Sinar mata Wanita Tanpa Sukma mengunjukkan rasa kebenciannya yang memuncak. Katanya sambil kertak gigi:

“Anak perempuan Sam-goan Pangcu, Tan Hiang Kun memang tidak berdosa, tapi apakah aku harus berdosa? Dia masih belum tentu akan kehilangan keberuntungan benar-benar. Tapi aku? Hahahahaha ”

Suara ketawanya menandakan pikirannya yang sudah terganggu, agaknya mengandung rasa benci dan sakit hati yang meluap-luap.

“Tidak perduli bagaimana keadaan yang sebenarnya, kau sendirilah yang pergi menyelesaikannya urusan kepalanya Auw-yang Khin itu kepada Sam-goan Lojin!
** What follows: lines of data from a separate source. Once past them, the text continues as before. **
lemma clique_level_eq:
  assumes "idx u < n" "idx v < n" "clique_level n K idx u j = clique_level n K idx v j'"
  shows "j = j' \<and> (u \<in> K j \<and> v \<in> K j \<or> idx u = idx v)"
proof -
  define offset where "offset w i = (if w \<in> K i then 0 else int (idx w) + 1)" for w i
  have level: "clique_level n K idx w i = int (Suc n) * int i + offset w i" for w i
    by (simp add: clique_level_def offset_def)
  have quotient: "(int (Suc n) * int i + offset w i) div int (Suc n) = int i" if "idx w < n" for w i
    using that by (simp add: offset_def)
  have "int j = int j'"
    using assms(3) by (metis level quotient[OF assms(1)] quotient[OF assms(2)])
  then have "j = j'"
    by simp
  with assms(3) have "offset u j = offset v j"
    by (simp add: level)
  with \<open>j = j'\<close> show ?thesis
    by (auto simp: offset_def split: if_splits)
qed

lemma clique_edge_in_staircase:
  assumes "idx v < n" "1 \<le> j" "j \<le> m" "v \<in> K j"
  shows "axis_edge (odd j) (int (Suc n) * int j) (int (Suc n) * int j)
    \<in> set (staircase (clique_level n K idx v) m)"
proof -
  let ?c = "clique_level n K idx v"
  have "?c j = int (Suc n) * int j"
    using assms(4) by (simp add: clique_level_def)
  moreover have "?c (j - 1) \<le> int (Suc n) * int j"
    using assms(1,2) by (simp add: clique_level_def of_nat_diff algebra_simps)
  moreover have "int (Suc n) * int j < ?c (Suc j)"
    by (simp add: clique_level_def algebra_simps)
  ultimately have "\<exists>j' x. axis_edge (odd j) (int (Suc n) * int j) (int (Suc n) * int j) =
      axis_edge (odd j') (?c j') x \<and> 1 \<le> j' \<and> j' \<le> m \<and> ?c (j' - 1) \<le> x \<and> x < ?c (Suc j')"
    using assms(2,3) by (intro exI[of _ j] exI[of _ "int (Suc n) * int j"]) simp
  then show ?thesis
    unfolding set_staircase[OF strict_mono_clique_level[where idx = idx and v = v, OF assms(1)]]
    by blast
qed

lemma ex_helly_staircase_rep:
  assumes "finite V" and sym: "\<And>u v. E u v \<Longrightarrow> E v u"
  shows "\<exists>P. helly_Bk_epg (card {C. maximal_clique V E C} - 1) V E P"
proof -
  define m where "m = card {C. maximal_clique V E C}"
  define n where "n = card V"
  have "1 \<le> m"
    using card_maximal_cliques_gt_0[of V E, OF assms(1)] by (simp add: m_def)
  obtain K where K: "bij_betw K {1..m} {C. maximal_clique V E C}"
    using ex_bij_betw_nat_finite_1[OF finite_maximal_cliques[OF assms(1)]] unfolding m_def by blast
  obtain idx where "bij_betw idx V {0..<n}"
    using ex_bij_betw_finite_nat[OF assms(1)] unfolding n_def by blast
  then have idx_lt: "\<And>v. v \<in> V \<Longrightarrow> idx v < n" and "inj_on idx V"
    by (auto simp: bij_betw_def)
  define P where "P v = staircase (clique_level n K idx v) m" for v
  have "epg_rep V E P \<and> helly_rep V P"
  proof (rule helly_epg_rep_if_clique_edges[OF assms(1) sym, where J = "{1..m}" and K = K])
    show "\<forall>v\<in>V. grid_path (P v)"
      using \<open>1 \<le> m\<close> by (simp add: P_def grid_path_staircase strict_mono_clique_level idx_lt)
    show "clique V E (K j)" if "j \<in> {1..m}" for j
      using K that by (auto simp: bij_betw_def maximal_clique_def)
    show "\<exists>j\<in>{1..m}. C = K j" if "maximal_clique V E C" for C
      using K that by (auto simp: bij_betw_def)
    show "axis_edge (odd j) (int (Suc n) * int j) (int (Suc n) * int j) \<in> set (P v)"
      if "j \<in> {1..m}" "v \<in> K j" for j v
    proof -
      have "v \<in> V"
        using K that by (auto simp: bij_betw_def maximal_clique_def clique_def)
      with that show ?thesis
        unfolding P_def by (intro clique_edge_in_staircase idx_lt) auto
    qed
    show "\<exists>j\<in>{1..m}. u \<in> K j \<and> v \<in> K j"
      if u: "u \<in> V" and v: "v \<in> V" and "u \<noteq> v" and "set (P u) \<inter> set (P v) \<noteq> {}" for u v
    proof -
      from \<open>set (P u) \<inter> set (P v) \<noteq> {}\<close> obtain j x j' x' where j: "1 \<le> j" "j \<le> m"
        and same: "axis_edge (odd j) (clique_level n K idx u j) x =
          axis_edge (odd j') (clique_level n K idx v j') x'"
        unfolding P_def set_staircase[OF strict_mono_clique_level[where idx = idx, OF idx_lt[OF u]]]
          set_staircase[OF strict_mono_clique_level[where idx = idx, OF idx_lt[OF v]]]
        by blast
      have "j = j' \<and> (u \<in> K j \<and> v \<in> K j \<or> idx u = idx v)"
        using same
        by (intro clique_level_eq[where idx = idx, OF idx_lt[OF u] idx_lt[OF v]])
          (simp add: axis_edge_eq_iff)
      with u v \<open>u \<noteq> v\<close> j \<open>inj_on idx V\<close> show ?thesis
        by (auto dest: inj_onD)
    qed
  qed
  moreover have "bends (P v) \<le> m - 1" if "v \<in> V" for v
    unfolding P_def using that \<open>1 \<le> m\<close>
    by (intro bends_staircase_le strict_mono_clique_level idx_lt)
  ultimately have "helly_Bk_epg (m - 1) V E P"
    by (simp add: helly_Bk_epg_def)
  then show ?thesis
    unfolding m_def by blast
qed

lemma helly_bend_le: "helly_Bk_epg k V E P \<Longrightarrow> helly_bend V E \<le> k"
  unfolding helly_bend_def by (rule Least_le) blast

lemma ex_helly_rep_helly_bend:
  "helly_Bk_epg k V E P \<Longrightarrow> \<exists>Q. helly_Bk_epg (helly_bend V E) V E Q"
  unfolding helly_bend_def by (rule LeastI[of "\<lambda>k. \<exists>P. helly_Bk_epg k V E P"]) blast

section \<open>The lower bound\<close>

definition bend_indices :: "gedge list \<Rightarrow> nat set" where
  "bend_indices es = {i. Suc i < length es \<and> horizontal (es ! i) \<noteq> horizontal (es ! Suc i)}"

definition segment_ends :: "gedge list \<Rightarrow> nat set" where
  "segment_ends es = {0, length es - 1} \<union> bend_indices es \<union> Suc ` bend_indices es"

lemma finite_bend_indices: "finite (bend_indices es)"
  by (rule finite_subset[of _ "{..<length es}"]) (auto simp: bend_indices_def)

lemma finite_segment_ends: "finite (segment_ends es)"
  by (simp add: segment_ends_def finite_bend_indices)

lemma card_segment_ends_le: "card (segment_ends es) \<le> 2 * bends es + 2"
proof -
  have "card (segment_ends es) \<le>
      card {0, length es - 1} + card (bend_indices es) + card (Suc ` bend_indices es)"
    unfolding segment_ends_def by (meson card_Un_le add_le_mono1 order_trans)
  also have "\<dots> \<le> 2 + card (bend_indices es) + card (bend_indices es)"
    using card_image_le[OF finite_bend_indices, of Suc es] by (simp add: card_insert_if)
  finally show ?thesis
    by (simp add: bends_def bend_indices_def)
qed

lemma grid_path_consecutive:
  assumes "grid_path es" "Suc i < length es"
  shows "card (es ! i \<inter> es ! Suc i) = 1"
proof -
  have "\<forall>i j. i < j \<and> j < length es \<longrightarrow>
      (if j = Suc i then card (es ! i \<inter> es ! j) = 1 else es ! i \<inter> es ! j = {})"
    using assms(1) by (simp add: grid_path_def)
  from this[rule_format, of i "Suc i"] assms(2) show ?thesis
    by simp
qed

lemma grid_path_nonconsecutive:
  assumes "grid_path es" "Suc i < j" "j < length es"
  shows "es ! i \<inter> es ! j = {}"
proof -
  have "\<forall>i j. i < j \<and> j < length es \<longrightarrow>
      (if j = Suc i then card (es ! i \<inter> es ! j) = 1 else es ! i \<inter> es ! j = {})"
    using assms(1) by (simp add: grid_path_def)
  from this[rule_format, of i j] assms(2,3) show ?thesis
    by simp
qed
Kau suka pergi ke Ie-hun-San chung secara baik-baik ataukah aku yang ”

“Tidak ada perlunya bagiku untuk menyelesaikan kepada siapapun juga.”

“Kalau begitu kau ingin aku minta dengan kekerasan?” “Barang kali kau tidak sanggup lakukan.”
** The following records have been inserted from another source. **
text \<open>Writing \<open>b = a \<cdot> c\<close>, the congruence \<open>a \<cdot> c \<equiv> a + c\<close> gives \<open>-a + b \<equiv> c\<close>, so \<open>-a + b\<close> and
  \<open>a\<^sup>-\<^sup>1 b = c\<close> lie in K together.\<close>

lemma rcong_eq: "rcong\<^bsub>GA\<^esub> K = rcong\<^bsub>GM\<^esub> K"
proof -
  have "(a, b) \<in> rcong\<^bsub>GA\<^esub> K \<longleftrightarrow> (a, b) \<in> rcong\<^bsub>GM\<^esub> K" for a b
  proof (cases "a \<in> carrier GM \<and> b \<in> carrier GM")
    case True
    then have a: "a \<in> carrier GM" and b: "b \<in> carrier GM" by auto
    define c where "c = inv\<^bsub>GM\<^esub> a \<otimes>\<^bsub>GM\<^esub> b"
    have c: "c \<in> carrier GM" using a b by (simp add: c_def)
    have "b = a \<otimes>\<^bsub>GM\<^esub> c" using a b by (simp add: c_def M.m_assoc [symmetric])
    then have "(a \<otimes>\<^bsub>GA\<^esub> c, b) \<in> rcong\<^bsub>GA\<^esub> K" using add_rcong_mult a c by simp
    then have "(inv\<^bsub>GA\<^esub> a \<otimes>\<^bsub>GA\<^esub> (a \<otimes>\<^bsub>GA\<^esub> c), inv\<^bsub>GA\<^esub> a \<otimes>\<^bsub>GA\<^esub> b) \<in> rcong\<^bsub>GA\<^esub> K"
      using a by (simp add: A.rcong_mult A.rcong_refl)
    then have "(c, inv\<^bsub>GA\<^esub> a \<otimes>\<^bsub>GA\<^esub> b) \<in> rcong\<^bsub>GA\<^esub> K"
      using a c by (simp add: A.m_assoc [symmetric])
    then have "c \<in> K \<longleftrightarrow> inv\<^bsub>GA\<^esub> a \<otimes>\<^bsub>GA\<^esub> b \<in> K"
      by (rule A.rcong_mem_iff [OF A.is_group])
    then show ?thesis using a b by (simp add: r_congruent_def c_def same_carrier)
  qed (auto simp: r_congruent_def same_carrier)
  then show ?thesis by auto
qed

lemma rho_rcong:
  assumes x: "x \<in> carrier GM" and y: "y \<in> carrier GM"
  shows "(x, inv\<^bsub>GM\<^esub> (brace_lambda GA GM x y) \<otimes>\<^bsub>GM\<^esub> x \<otimes>\<^bsub>GM\<^esub> y) \<in> rcong\<^bsub>GA\<^esub> K"
proof -
  let ?u = "brace_lambda GA GM x y"
  have u: "?u \<in> carrier GM" using x y by (simp add: brace_lambda_def)
  have "(x \<otimes>\<^bsub>GM\<^esub> y, y \<otimes>\<^bsub>GM\<^esub> x) \<in> rcong\<^bsub>GA\<^esub> K"
    using x y by (meson A.rcong_sym A.rcong_trans add_rcong_commute add_rcong_mult)
  then have "(x \<otimes>\<^bsub>GM\<^esub> y, y \<otimes>\<^bsub>GM\<^esub> x) \<in> rcong\<^bsub>GM\<^esub> K" by (simp add: rcong_eq)
  moreover have "(inv\<^bsub>GM\<^esub> ?u, inv\<^bsub>GM\<^esub> y) \<in> rcong\<^bsub>GM\<^esub> K"
    using lambda_rcong [OF x y] by (simp add: rcong_eq M.rcong_inv M.rcong_sym)
  ultimately have "(inv\<^bsub>GM\<^esub> ?u \<otimes>\<^bsub>GM\<^esub> (x \<otimes>\<^bsub>GM\<^esub> y), inv\<^bsub>GM\<^esub> y \<otimes>\<^bsub>GM\<^esub> (y \<otimes>\<^bsub>GM\<^esub> x))
      \<in> rcong\<^bsub>GM\<^esub> K"
    by (simp add: M.rcong_mult)
  then show ?thesis
    using x y u by (simp add: M.m_assoc [symmetric] M.rcong_sym rcong_eq)
qed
Tepat pada saat itu sesosok bayangan orang melayang turun di hadapan Wanita Tanpa Sukma. Agaknya sangat kegirangan bagaikan menemukan benda berharga, orang itu berkata:

“Adik yang manis, alangkah sengsaranya aku mencari kau!”

Orang itu adalah seorang pemuda berdandan ringkas, usianya kira-kira duapuluhan. Wajahnya cukup tampan, tapi dari sikapnya yang ceriwis, ia termasuk satu jenis dari pemuda hidung belang. Berhadapan dengan Wanita Tanpa Sukma sekujur badannya dan tulang-tulangnya seperti sudah lemas. Sepasang matanya memandang liar kepada wanita cantik itu. Sikapnya ini benar-benar sangat menjemukan.
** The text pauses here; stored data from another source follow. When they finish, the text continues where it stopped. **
(* Let $(V,g_{ij},\rho,p)$ be a spherically symmetric static perfect fluid solution of the Euler–Einstein equations $\Delta V=4\pi(\rho+3p)V$, $R_{ij}=V^{-1}\nabla_i\nabla_jV+4\pi(\rho-p)g_{ij}$, $\nabla_ip=-V^{-1}(\rho+p)\nabla_iV$ on a 3-manifold with barotropic equation of state $\rho=\rho(p)$, and write $g=h(r)\,dr^2+r^2(d\theta^2+\sin^2\theta\,d\phi^2)$ with $h>0$. Let $\xi$ be the vector field with $\xi_a dx^a=r\sqrt{h}\,dr$ (a conformal Killing vector, $\nabla_{(a}\xi_{b)}=h^{-1/2}g_{ab}$). Let $Y=V/V_S$, regard $\rho,p$ as functions of $Y$, let $H_0(Y)=\rho+\rho Y+6pY$, and define $$\sigma_{ij}=\frac{1-Y^2}{Y}\nabla_i\nabla_jY+6Y_{,i}Y_{,j}-2g_{ij}Y_{,d}Y^{,d}+g_{ij}\big[-4\pi(1-Y^2)(\rho+p)-16\pi pY(1-Y)\big]-16\pi g_{ij}\int_1^Y H_0(Y')\,dY'.$$ Then $$\nabla^i(\sigma_{ij}\xi^j)=-8\pi\,\frac{1}{\sqrt h}\Big[(1-Y)H_0(Y)+6\int_1^Y H_0(Y')\,dY'\Big].$$
   Context: $V>0$ is the norm of the static Killing vector of the spacetime metric $-V^2dt^2+g_{ij}dx^idx^j$; $\nabla$, $\Delta$ refer to $g$. $V_S$ is the value of $V$ on the fluid surface $\{p=0\}$ for finite fluids and $V_S=1$ (the value at infinity) for fluids extending to infinity. By the Euler equation, $\log Y=-\int_0^p(\rho(p')+p')^{-1}dp'$, so $Y\in(0,1]$ is a monotone function of $p$ and $\rho,p$ can be regarded as functions of $Y$. *)

theory Defs
  imports "HOL-Analysis.Analysis"
begin

text \<open>A point is given by its
coordinates x 0, x 1, x 2 (only these three are ever varied); indices range over {0,1,2}.
Here the chart is (r, theta, phi) = (x 0, x 1, x 2).\<close>

type_synonym pt = "nat \<Rightarrow> real"

definition pd :: "(pt \<Rightarrow> real) \<Rightarrow> nat \<Rightarrow> pt \<Rightarrow> real" where
  "pd f i x = deriv (\<lambda>t. f (x(i := t))) (x i)"

definition cof3 :: "(nat \<Rightarrow> nat \<Rightarrow> real) \<Rightarrow> nat \<Rightarrow> nat \<Rightarrow> real" where
  "cof3 A i j =
     A ((i+1) mod 3) ((j+1) mod 3) * A ((i+2) mod 3) ((j+2) mod 3)
   - A ((i+1) mod 3) ((j+2) mod 3) * A ((i+2) mod 3) ((j+1) mod 3)"

definition det3 :: "(nat \<Rightarrow> nat \<Rightarrow> real) \<Rightarrow> real" where
  "det3 A = (\<Sum>j<3. A 0 j * cof3 A 0 j)"

definition inv3 :: "(nat \<Rightarrow> nat \<Rightarrow> real) \<Rightarrow> nat \<Rightarrow> nat \<Rightarrow> real" where
  "inv3 A i j = cof3 A j i / det3 A"

definition ginv :: "(pt \<Rightarrow> nat \<Rightarrow> nat \<Rightarrow> real) \<Rightarrow> pt \<Rightarrow> nat \<Rightarrow> nat \<Rightarrow> real" where
  "ginv g x = inv3 (g x)"

definition christ :: "(pt \<Rightarrow> nat \<Rightarrow> nat \<Rightarrow> real) \<Rightarrow> nat \<Rightarrow> nat \<Rightarrow> nat \<Rightarrow> pt \<Rightarrow> real" where
  "christ g k i j x = (1/2) * (\<Sum>l<3. ginv g x k l *
      (pd (\<lambda>y. g y j l) i x + pd (\<lambda>y. g y i l) j x - pd (\<lambda>y. g y i j) l x))"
Wanita Tanpa Sukma unjukkan ketawanya yang melewati batas kegenitannya. Setelah puas ketawa, ia baru berkata:

“Kau masih ingat aku?”

“Adikku yang manis, terhadap kau, begitu aku melihat lantas jatuh hati. Sebaiknya dengan kau sehabis pertemuan kita itu lantas pergi tanpa pamit, sehingga membuat aku memikiri dirimu hampir menjadi gila….”

“Sudah cukup!” memotong Hui Kiam dengan nada suara dingin.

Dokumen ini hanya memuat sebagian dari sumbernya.